* Task requirements *
An exact copy is needed of each line from the one including "crit by auto" through the last line of the entries, both ends counted, with nothing added.

* Provided records *

(* Let $E$ be an end of revolution in $\mathbb{M}^3(\kappa)$ that is isometric to $\mathbb{M}^2_w\setminus B_\rho(o_w)$ for some rotationally symmetric model surface $\mathbb{M}^2_w$ with radius $\Lambda=\infty$ and some $\rho>0$. Then $E$ is parabolic if and only if $\int_\rho^\infty\frac{dt}{w(t)}=\infty$. Moreover, if $\int_\rho^\infty\frac{\int_0^t w(s)\,ds}{w(t)}\,dt=\infty$, then there exist a compact set $K\subset E$ and a $1$-superharmonic function $v$ on $E\setminus K$ (i.e. $-\Delta v+v\ge0$) such that $v(x)\to\infty$ as $x\to\infty$.
   Context: An end of revolution in $\mathbb{M}^3(\kappa)$ is the image of $(t,\theta)\mapsto R_\theta(\beta(t))$, where $\beta:[0,\infty)\to\mathbb{M}^2(\kappa)$ is a smooth regular curve of infinite length in a totally geodesic surface containing a geodesic $\sigma$, not meeting $\sigma$, and $R_\theta$ ranges over the rotations about $\sigma$, with induced metric. A $w$-model space $\mathbb{M}^2_w$ is a simply connected smooth surface with center point $o_w$ such that $\mathbb{M}^2_w\setminus\{o_w\}$ is isometric to $(0,\Lambda)\times\mathbb{S}^1$ with metric $dr^2+w(r)^2d\theta^2$, $w>0$ on $(0,\Lambda)$, $w(0)=0$, $w'(0)=1$, $w^{(2k)}(0)=0$; $B_\rho(o_w)$ is the geodesic ball of radius $\rho$ about $o_w$. An end is parabolic if every bounded harmonic function on it is determined by its boundary values. "$v(x)\to\infty$ as $x\to\infty$" means $v$ tends to infinity as $x$ leaves every compact set. *)

theory Defs
  imports "HOL-Analysis.Analysis"
begin

definition smooth_fun :: "(real \<Rightarrow> real) \<Rightarrow> bool" where
  "smooth_fun f \<longleftrightarrow> (\<forall>k x. ((deriv ^^ k) f) differentiable (at x))"

text \<open>Warping function of a w-model space with radius Lambda = infinity.\<close>
definition model_profile :: "(real \<Rightarrow> real) \<Rightarrow> bool" where
  "model_profile w \<longleftrightarrow> smooth_fun w \<and> w 0 = 0 \<and> deriv w 0 = 1 \<and>
     (\<forall>k. (deriv ^^ (2 * k)) w 0 = 0) \<and> (\<forall>r>0. w r > 0)"

text \<open>The end M_w minus the open geodesic ball B_rho(o_w), in polar coordinates
  (r, z) with r the distance to o_w and z on the unit circle.\<close>
definition model_end :: "real \<Rightarrow> (real \<times> complex) set" where
  "model_end \<rho> = {(r, z). r \<ge> \<rho> \<and> cmod z = 1}"

definition pullback :: "(real \<times> complex \<Rightarrow> real) \<Rightarrow> real \<times> real \<Rightarrow> real" where
  "pullback u = (\<lambda>(r, \<theta>). u (r, cis \<theta>))"

definition d_r :: "(real \<times> real \<Rightarrow> real) \<Rightarrow> real \<times> real \<Rightarrow> real" where
  "d_r f = (\<lambda>(r, \<theta>). deriv (\<lambda>s. f (s, \<theta>)) r)"

definition d_th :: "(real \<times> real \<Rightarrow> real) \<Rightarrow> real \<times> real \<Rightarrow> real" where
  "d_th f = (\<lambda>(r, \<theta>). deriv (\<lambda>t. f (r, t)) \<theta>)"

definition C2_on :: "(real \<times> real) set \<Rightarrow> (real \<times> real \<Rightarrow> real) \<Rightarrow> bool" where
  "C2_on S f \<longleftrightarrow> open S \<and>
     (\<forall>p\<in>S. f differentiable (at p)) \<and>
     (\<forall>p\<in>S. d_r f differentiable (at p)) \<and>
     (\<forall>p\<in>S. d_th f differentiable (at p)) \<and>
     continuous_on S (d_r (d_r f)) \<and> continuous_on S (d_th (d_th f)) \<and>
     continuous_on S (d_r (d_th f)) \<and> continuous_on S (d_th (d_r f))"

text \<open>Laplace-Beltrami operator of dr^2 + w(r)^2 dtheta^2 in polar coordinates.\<close>
definition model_lap :: "(real \<Rightarrow> real) \<Rightarrow> (real \<times> real \<Rightarrow> real) \<Rightarrow> real \<times> real \<Rightarrow> real" where
  "model_lap w f = (\<lambda>(r, \<theta>). d_r (d_r f) (r, \<theta>) + deriv w r / w r * d_r f (r, \<theta>)
                          + d_th (d_th f) (r, \<theta>) / (w r)^2)"

definition harmonic_coords :: "(real \<Rightarrow> real) \<Rightarrow> (real \<times> real) set \<Rightarrow> (real \<times> real \<Rightarrow> real) \<Rightarrow> bool" where
  "harmonic_coords w U f \<longleftrightarrow> C2_on U f \<and> (\<forall>p\<in>U. model_lap w f p = 0)"

text \<open>Parabolicity: every bounded harmonic function (continuous up to the boundary
  r = rho, harmonic in the interior) is determined by its boundary values.\<close>
definition parabolic_model_end :: "(real \<Rightarrow> real) \<Rightarrow> real \<Rightarrow> bool" where
  "parabolic_model_end w \<rho> \<longleftrightarrow>
     (\<forall>u1 u2. bounded (u1 ` model_end \<rho>) \<and> bounded (u2 ` model_end \<rho>) \<and>
        continuous_on (model_end \<rho>) u1 \<and> continuous_on (model_end \<rho>) u2 \<and>
        harmonic_coords w {(r, \<theta>). r > \<rho>} (pullback u1) \<and>
        harmonic_coords w {(r, \<theta>). r > \<rho>} (pullback u2) \<and>
        (\<forall>z. cmod z = 1 \<longrightarrow> u1 (\<rho>, z) = u2 (\<rho>, z))
        \<longrightarrow> (\<forall>x\<in>model_end \<rho>. u1 x = u2 x))"

definition one_superharmonic_off :: "(real \<Rightarrow> real) \<Rightarrow> real \<Rightarrow> (real \<times> complex) set
     \<Rightarrow> (real \<times> complex \<Rightarrow> real) \<Rightarrow> bool" where
  "one_superharmonic_off w \<rho> K v \<longleftrightarrow>
     continuous_on (model_end \<rho> - K) v \<and>
     C2_on {(r, \<theta>). r > \<rho> \<and> (r, cis \<theta>) \<notin> K} (pullback v) \<and>
     (\<forall>p\<in>{(r, \<theta>). r > \<rho> \<and> (r, cis \<theta>) \<notin> K}.
        - model_lap w (pullback v) p + pullback v p \<ge> 0)"

definition tends_to_infinity_on :: "('a::topological_space) set \<Rightarrow> ('a \<Rightarrow> real) \<Rightarrow> bool" where
  "tends_to_infinity_on A v \<longleftrightarrow> (\<forall>M. \<exists>C. compact C \<and> (\<forall>x\<in>A - C. v x \<ge> M))"

end

theory Submission
  imports Defs
begin

text \<open>
  A radial function \<open>h(r) = \<integral>\<^sub>\<rho>\<^sup>r \<phi>/w\<close> satisfies \<open>\<Delta>h = \<phi>'/w\<close>. For \<open>\<phi> = 1\<close> it is harmonic and
  vanishes on the boundary circle; when \<open>\<integral> 1/w < \<infinity>\<close> it is bounded and non-constant, so it cannot be
  told apart from \<open>0\<close> by boundary values. When \<open>\<integral> 1/w = \<infinity>\<close> it is instead a barrier: for a
  bounded harmonic difference \<open>u\<^sub>1 - u\<^sub>2\<close> vanishing on the boundary, \<open>u\<^sub>1 - u\<^sub>2 - \<epsilon>h\<close> is negative
  far out, and adding a small multiple of the strictly subharmonic radial function with
  \<open>\<phi>(s) = s - \<rho>\<close> rules out a positive interior maximum by the second derivative test.
  Finally \<open>\<phi>(s) = \<integral>\<^sub>0\<^sup>s w\<close> gives \<open>\<Delta>h = 1\<close>, so \<open>v = 1 + h\<close> satisfies \<open>-\<Delta>v + v = h \<ge> 0\<close>, and
  \<open>v \<rightarrow> \<infinity>\<close> is exactly the second divergence hypothesis.
\<close>

section \<open>One-variable calculus\<close>

lemma interior_max_second_deriv:
  fixes f f' :: "real \<Rightarrow> real"
  assumes "a < x" "x < b" and max: "\<And>y. a < y \<Longrightarrow> y < b \<Longrightarrow> f y \<le> f x"
    and f': "\<And>y. a < y \<Longrightarrow> y < b \<Longrightarrow> (f has_real_derivative f' y) (at y)"
    and f'': "(f' has_real_derivative L) (at x)"
  shows "f' x = 0 \<and> L \<le> 0"
proof -
  have crit: "f' x = 0"
  proof (rule DERIV_local_max[OF f'[OF assms(1,2)], of "min (x - a) (b - x)"])
    show "0 < min (x - a) (b - x)" using assms(1,2) by auto
    show "\<forall>y. \<bar>x - y\<bar> < min (x - a) (b - x) \<longrightarrow> f y \<le> f x"
      using max by (auto simp: abs_if split: if_splits)
  qed
  moreover have "L \<le> 0"
  proof (rule ccontr)
    assume "\<not> L \<le> 0"
    then obtain d where d: "d > 0" "\<And>h. h > 0 \<Longrightarrow> h < d \<Longrightarrow> f' x < f' (x + h)"
      using DERIV_pos_inc_right[OF f''] by force
    define h where "h = min (d / 2) ((b - x) / 2)"
    have h: "h > 0" "h < d" "x + h < b"
      using d(1) assms(2) unfolding h_def by (auto simp: min_def field_simps)
    have "f x < f (x + h)"
    proof (rule DERIV_pos_imp_increasing_open[of x "x + h" f])
      show "\<exists>y. DERIV f t :> y \<and> 0 < y" if "x < t" "t < x + h" for t
        using d(2)[of "t - x"] f'[of t] that assms(1) h crit by auto
      show "continuous_on {x..x + h} f"
        by (rule DERIV_continuous_on[where D = f'])
           (use f' assms(1) h in \<open>auto intro: has_field_derivative_at_within\<close>)
    qed (use h in simp)
    with max[of "x + h"] h assms(1) show False by auto
  qed
  ultimately show ?thesis by simp
qed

* Final answer *
        using d(2)[of "t - x"] f'[of t] that assms(1) h crit by auto
      show "continuous_on {x..x + h} f"
        by (rule DERIV_continuous_on[where D = f'])
           (use f' assms(1) h in \<open>auto intro: has_field_derivative_at_within\<close>)
    qed (use h in simp)
    with max[of "x + h"] h assms(1) show False by auto
  qed
  ultimately show ?thesis by simp
qed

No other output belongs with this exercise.